Stingless bees are the bees (meliponines) that don’t sting (yes, they usually don’t unless the enemies don’t mess with them) and produce highly nutritious honey loaded with medicinal benefits.
The stingless honey bees, even called stingless bees or simply meliponines sometimes, belong to a large group of bees (about 500 species) of the tribe Meliponini or subtribe Meliponina. These bees are classified in the family Apidae and are closely associated with orchid bees, common honey bees, bumblebees, and carpenter bees.
The meliponines possess stingers but they are of minimal intensity and can’t be used for defensive purposes; however, they do show other defensive behaviors and mechanisms.
Meliponines aren’t the only type of stingless bees, the male and female bees of many other bee families including Andrenidae are also unable to sting.

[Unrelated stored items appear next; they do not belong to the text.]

(* Let $\mathcal{G}$ be a compact group with normalized Haar measure $\lambda$ acting measurably on $\mathcal{X}$, let $\mathcal{P}$ be a $\mathcal{G}$-invariant distribution on $\mathcal{X}\times\mathcal{Y}$, let $\ell$ be the binary 0-1 loss, let $C>0$, and let $P$ be any distribution on a class $\mathcal{F}$ of functions $\mathcal{X}\to\mathcal{Y}$. Then $$\mathbb{E}_{f\sim P}\Big[\mathbb{E}_{\mathcal{D}^n\sim\mathcal{P}^n}\big[e^{n\mathscr{D}_C(\hat{R}_{\mathrm{aug}}(f,\mathcal{D}^n),R(f))}\big]\Big]\le\mathbb{E}_{f\sim P}\Big[\mathbb{E}_{\mathcal{D}^n\sim\mathcal{P}^n}\big[e^{n\mathscr{D}_C(\hat{R}(f,\mathcal{D}^n),R(f))}\big]\Big]=1$$ and $$\mathbb{E}_{f\sim P}\Big[\mathbb{E}_{\mathcal{D}^n\sim\mathcal{P}^n}\big[e^{n\mathscr{D}_C(\hat{R}^{(m)}_{\mathrm{aug}}(f,\mathcal{D}^n),R(f))}\big]\Big]\le\mathbb{E}_{f\sim P}\Big[\mathbb{E}_{\mathcal{D}^n\sim\mathcal{P}^n}\big[e^{n\mathscr{D}_C(\hat{R}(f,\mathcal{D}^n),R(f))}\big]\Big]=1.$$
   Context: $\mathcal{P}$ is $\mathcal{G}$-invariant if $(gX,Y)\overset{d}{=}(X,Y)$ for all $g\in\mathcal{G}$. $\mathcal{D}^n=((X_i,Y_i))_{i=1}^n$ i.i.d. from $\mathcal{P}$. $R(f)=\mathbb{E}_{\mathcal{P}}[\ell(f(X),Y)]$, $\hat{R}(f,\mathcal{D}^n)=\frac1n\sum_i\ell(f(X_i),Y_i)$, $\hat{R}_{\mathrm{aug}}(f,\mathcal{D}^n)=\frac1n\sum_i\mathbb{E}_{G\sim\lambda}[\ell(f(GX_i),Y_i)]$, and the Monte Carlo augmented risk is $\hat{R}^{(m)}_{\mathrm{aug}}(f,\mathcal{D}^n)=\frac1{nm}\sum_{i=1}^n\sum_{j=1}^m\ell(f(G_{ij}X_i),Y_i)$ with $(G_{ij})$ i.i.d. from $\lambda$ independent of the data; in the expression involving $\hat{R}^{(m)}_{\mathrm{aug}}$ the inner expectation is taken jointly over $\mathcal{D}^n$ and the $G_{ij}$. For $q,p\in(0,1)$, $\mathscr{D}_C(q,p)=-\log(1-p(1-e^{-C}))-Cq$. *)

theory Defs
  imports "HOL-Probability.Probability" "HOL-Algebra.Group_Action"
begin

definition compact_group_with_haar ::
  "('g::t2_space, 'b) monoid_scheme \<Rightarrow> 'g measure \<Rightarrow> bool" where
  "compact_group_with_haar Gr lam \<longleftrightarrow>
     group Gr \<and> compact (carrier Gr) \<and>
     continuous_on (carrier Gr \<times> carrier Gr) (\<lambda>(a, b). a \<otimes>\<^bsub>Gr\<^esub> b) \<and>
     continuous_on (carrier Gr) (\<lambda>a. inv\<^bsub>Gr\<^esub> a) \<and>
     prob_space lam \<and> space lam = carrier Gr \<and>
     sets lam = sets (restrict_space borel (carrier Gr)) \<and>
     (\<forall>g\<in>carrier Gr. \<forall>A\<in>sets lam.
        measure lam ((\<lambda>a. g \<otimes>\<^bsub>Gr\<^esub> a) ` A) = measure lam A)"

definition loss01 :: "bool \<Rightarrow> bool \<Rightarrow> real" where
  "loss01 yhat y = (if yhat = y then 0 else 1)"

definition risk :: "('x \<times> bool) measure \<Rightarrow> ('x \<Rightarrow> bool) \<Rightarrow> real" where
  "risk PP f = (\<integral>z. loss01 (f (fst z)) (snd z) \<partial>PP)"

definition emp_risk :: "nat \<Rightarrow> ('x \<Rightarrow> bool) \<Rightarrow> (nat \<Rightarrow> 'x \<times> bool) \<Rightarrow> real" where
  "emp_risk n f D = (1 / real n) * (\<Sum>i<n. loss01 (f (fst (D i))) (snd (D i)))"

definition aug_risk ::
  "'g measure \<Rightarrow> ('g \<Rightarrow> 'x \<Rightarrow> 'x) \<Rightarrow> nat \<Rightarrow> ('x \<Rightarrow> bool) \<Rightarrow> (nat \<Rightarrow> 'x \<times> bool) \<Rightarrow> real" where
  "aug_risk lam act n f D =
     (1 / real n) * (\<Sum>i<n. \<integral>g. loss01 (f (act g (fst (D i)))) (snd (D i)) \<partial>lam)"

definition mc_aug_risk ::
  "('g \<Rightarrow> 'x \<Rightarrow> 'x) \<Rightarrow> nat \<Rightarrow> nat \<Rightarrow> ('x \<Rightarrow> bool) \<Rightarrow> (nat \<Rightarrow> 'x \<times> bool)
     \<Rightarrow> (nat \<times> nat \<Rightarrow> 'g) \<Rightarrow> real" where
  "mc_aug_risk act n m f D Gs =
     (1 / (real n * real m)) *
       (\<Sum>i<n. \<Sum>j<m. loss01 (f (act (Gs (i, j)) (fst (D i)))) (snd (D i)))"

definition DC :: "real \<Rightarrow> real \<Rightarrow> real \<Rightarrow> real" where
  "DC C q p = - ln (1 - p * (1 - exp (- C))) - C * q"

end

theory Submission
  imports Defs
begin

text \<open>With \<open>c = 1 - exp (-C)\<close>, the quantity \<open>1 - c p\<close> is \<open>E exp (-C X)\<close> for \<open>X\<close>
  Bernoulli with mean \<open>p\<close>, and \<open>exp (n D\<^sub>C(q, p)) = exp (-C n q) / (1 - c p)\<^sup>n\<close>. Hence if
  \<open>q\<close> is the average of \<open>n\<close> independent \<open>[0,1]\<close>-valued terms of mean \<open>p\<close>, the expectation of
  \<open>exp (n D\<^sub>C(q, p))\<close> factorises into \<open>n\<close> factors \<open>E exp (-C w) / (1 - c p)\<close>, each at most 1
  because \<open>exp (-C t) \<le> 1 - c t\<close> on \<open>[0,1]\<close> by convexity, with equality for \<open>{0,1}\<close>-valued
  terms. The plain 0-1 loss gives equality. The augmented risk averages the orbit-averaged loss,
  whose mean is still \<open>R(f)\<close> by invariance of the data distribution and Fubini; the Monte Carlo
  version has mean \<open>R(f)\<close> conditionally on the drawn group elements, and Tonelli integrates
  them out.\<close>

definition bernoulli_exp_moment :: "real \<Rightarrow> real \<Rightarrow> real" where
  "bernoulli_exp_moment C p = 1 - p * (1 - exp (- C))"

lemma exp_neg_mult_le_bernoulli_exp_moment:
  fixes C t :: real
  assumes "0 \<le> t" "t \<le> 1"
  shows "exp (- C * t) \<le> bernoulli_exp_moment C t"
proof -
  have "exp ((1 - t) *\<^sub>R 0 + t *\<^sub>R (- C)) \<le> (1 - t) * exp 0 + t * exp (- C)"
    using convex_onD[OF exp_convex, of t 0 "-C"] assms by simp
  then show ?thesis by (simp add: bernoulli_exp_moment_def algebra_simps)
qed

lemma bernoulli_exp_moment_pos:
  assumes "0 \<le> p" "p \<le> 1"
  shows "0 < bernoulli_exp_moment C p"
proof -
  have "bernoulli_exp_moment C p = (1 - p) + p * exp (- C)"
    by (simp add: bernoulli_exp_moment_def algebra_simps)
  moreover have "0 < (1 - p) + p * exp (- C)"
    using assms by (cases "p = 1") (auto intro: add_pos_nonneg)
  ultimately show ?thesis by simp
qed

lemma exp_DC_mean:
  fixes w :: "nat \<Rightarrow> real"
  assumes "n > 0" "0 \<le> p" "p \<le> 1"
  shows "exp (real n * DC C ((1 / real n) * (\<Sum>i<n. w i)) p)
       = (\<Prod>i<n. exp (- C * w i) / bernoulli_exp_moment C p)"
proof -
  define a where "a = bernoulli_exp_moment C p"
  have "a > 0" unfolding a_def using assms(2,3) by (rule bernoulli_exp_moment_pos)
  have "real n * DC C ((1 / real n) * (\<Sum>i<n. w i)) p
      = - C * (real n * ((1 / real n) * (\<Sum>i<n. w i))) - real n * ln a"
    by (simp add: DC_def a_def bernoulli_exp_moment_def algebra_simps)
  also have "\<dots> = (\<Sum>i<n. - C * w i) - real n * ln a"
    using assms(1) by (simp add: sum_distrib_left)
  finally have "exp (real n * DC C ((1 / real n) * (\<Sum>i<n. w i)) p)
      = (\<Prod>i<n. exp (- C * w i)) / a ^ n"
    using \<open>a > 0\<close> by (simp add: exp_diff exp_sum exp_of_nat_mult)
  then show ?thesis by (simp add: prod_dividef a_def)
qed

context prob_space
begin

lemma expectation_unit_interval:
  fixes v :: "'a \<Rightarrow> real"
  assumes "v \<in> borel_measurable M" "\<And>z. z \<in> space M \<Longrightarrow> 0 \<le> v z \<and> v z \<le> 1"
  shows "0 \<le> expectation v" "expectation v \<le> 1"
proof -
  have "integrable M v"
    by (rule integrable_const_bound[where B=1]) (use assms in auto)
  then show "0 \<le> expectation v" "expectation v \<le> 1"
    using assms(2) by (auto intro!: integral_nonneg_AE integral_le_const AE_I2)
qed

lemma nn_integral_bernoulli_exp_moment_div_eq_1:
  fixes v :: "'a \<Rightarrow> real"
  assumes "v \<in> borel_measurable M" "\<And>z. z \<in> space M \<Longrightarrow> 0 \<le> v z \<and> v z \<le> 1"
    and "expectation v = p"
  shows "(\<integral>\<^sup>+ z. ennreal (bernoulli_exp_moment C (v z) / bernoulli_exp_moment C p) \<partial>M) = 1"
proof -
  define a where "a = bernoulli_exp_moment C p"
  have v_int: "integrable M v"
    by (rule integrable_const_bound[where B=1]) (use assms in auto)
  have "0 \<le> p" "p \<le> 1"
    using expectation_unit_interval[of v] assms by auto
  then have "a > 0"
    unfolding a_def by (rule bernoulli_exp_moment_pos)
  have "integrable M (\<lambda>z. bernoulli_exp_moment C (v z) / a)"
    using v_int by (simp add: bernoulli_exp_moment_def)
  then have "(\<integral>\<^sup>+ z. ennreal (bernoulli_exp_moment C (v z) / a) \<partial>M)
      = ennreal (\<integral>z. bernoulli_exp_moment C (v z) / a \<partial>M)"
    using assms(2) \<open>a > 0\<close>
    by (intro nn_integral_eq_integral AE_I2)
       (auto intro!: divide_nonneg_pos less_imp_le[OF bernoulli_exp_moment_pos])
  also have "(\<integral>z. bernoulli_exp_moment C (v z) / a \<partial>M) = 1"
    using v_int assms(3) \<open>a > 0\<close> by (simp add: prob_space a_def bernoulli_exp_moment_def)
  finally show ?thesis unfolding a_def by simp
qed

lemma nn_integral_exp_neg_div_le_1:
  fixes v :: "'a \<Rightarrow> real"
  assumes "v \<in> borel_measurable M" "\<And>z. z \<in> space M \<Longrightarrow> 0 \<le> v z \<and> v z \<le> 1"
    and "expectation v = p"
  shows "(\<integral>\<^sup>+ z. ennreal (exp (- C * v z) / bernoulli_exp_moment C p) \<partial>M) \<le> 1"
proof -
  have "0 \<le> p" "p \<le> 1"
    using expectation_unit_interval[of v] assms by auto
  have "(\<integral>\<^sup>+ z. ennreal (exp (- C * v z) / bernoulli_exp_moment C p) \<partial>M)
      \<le> (\<integral>\<^sup>+ z. ennreal (bernoulli_exp_moment C (v z) / bernoulli_exp_moment C p) \<partial>M)"
    using assms(2) bernoulli_exp_moment_pos[OF \<open>0 \<le> p\<close> \<open>p \<le> 1\<close>, of C]
    by (intro nn_integral_mono ennreal_leI divide_right_mono exp_neg_mult_le_bernoulli_exp_moment)
       auto
  also have "\<dots> = 1" by (rule nn_integral_bernoulli_exp_moment_div_eq_1[OF assms])
  finally show ?thesis .
qed

lemma nn_integral_exp_neg_div_eq_1:
  fixes v :: "'a \<Rightarrow> real"
  assumes "v \<in> borel_measurable M" "\<And>z. z \<in> space M \<Longrightarrow> v z = 0 \<or> v z = 1"
    and "expectation v = p"
  shows "(\<integral>\<^sup>+ z. ennreal (exp (- C * v z) / bernoulli_exp_moment C p) \<partial>M) = 1"
proof -
  have "(\<integral>\<^sup>+ z. ennreal (exp (- C * v z) / bernoulli_exp_moment C p) \<partial>M)
      = (\<integral>\<^sup>+ z. ennreal (bernoulli_exp_moment C (v z) / bernoulli_exp_moment C p) \<partial>M)"
    using assms(2) by (intro nn_integral_cong) (force simp: bernoulli_exp_moment_def)
  also have "\<dots> = 1"
    using assms by (intro nn_integral_bernoulli_exp_moment_div_eq_1) force+
  finally show ?thesis .
qed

The stingless bees Melipona Beecheii and M. Yucatanica are the only native bees to have been cultured in Central America. Maya civilization cultured the Maya civilization extensively for honey and they are considered sacred. The modern Maya people still cultivate them even though these bees are endangered because of huge deforestation, agricultural practices involving insecticide overuse, and changing beekeeping practices.
The native meliponines (especially M. Beecheii) are preserved by lowland Maya for thousands of years. In the Yucatec Maya language, the name for this bee is xunan kab (meaning "royal, noble lady bee"). As is known from the Madrid Codex, the bees served as the subject of religious ceremonies and were a symbol of the bee-god ‘Ah-Muzen-Cab’.
A site, located on the Caribbean coast 130 km south of Cancun in a pre-Columbian Mayan city of Tulum, has the bee god depicted all over the site. The upside-down small figures are featured across several doorways and entrances. It is speculated that on the left of the central plaza, the "Templo del Dios Descendente" or the Temple of the Descending God, stands just left of the central plaza is situated.
Most of the native eusocial bees of Central and South America are stingless, of which just a few species produce honey on such a scale that could be farmed by humans. They are diversified in Africa, including Madagascar, and are also farmed over there.
‘Meliponiculture’ is referred to as the practice of stingless beekeeping in farms or gardens. Different bee species produce different amounts of honey around the year depending upon the colony size and the nectar availability in the locality. The low honey production reflects the effective cost of stingless bee honey, making it an economically feasible farming practice. You should know how organic honey can be differentiated from fake honey products.
Some stingless bee species are more suitable to be farmed at home as pets. The Mandacaia bees are easily domesticated and do not attack humans even when their hives are opened for extracting honey or colony division.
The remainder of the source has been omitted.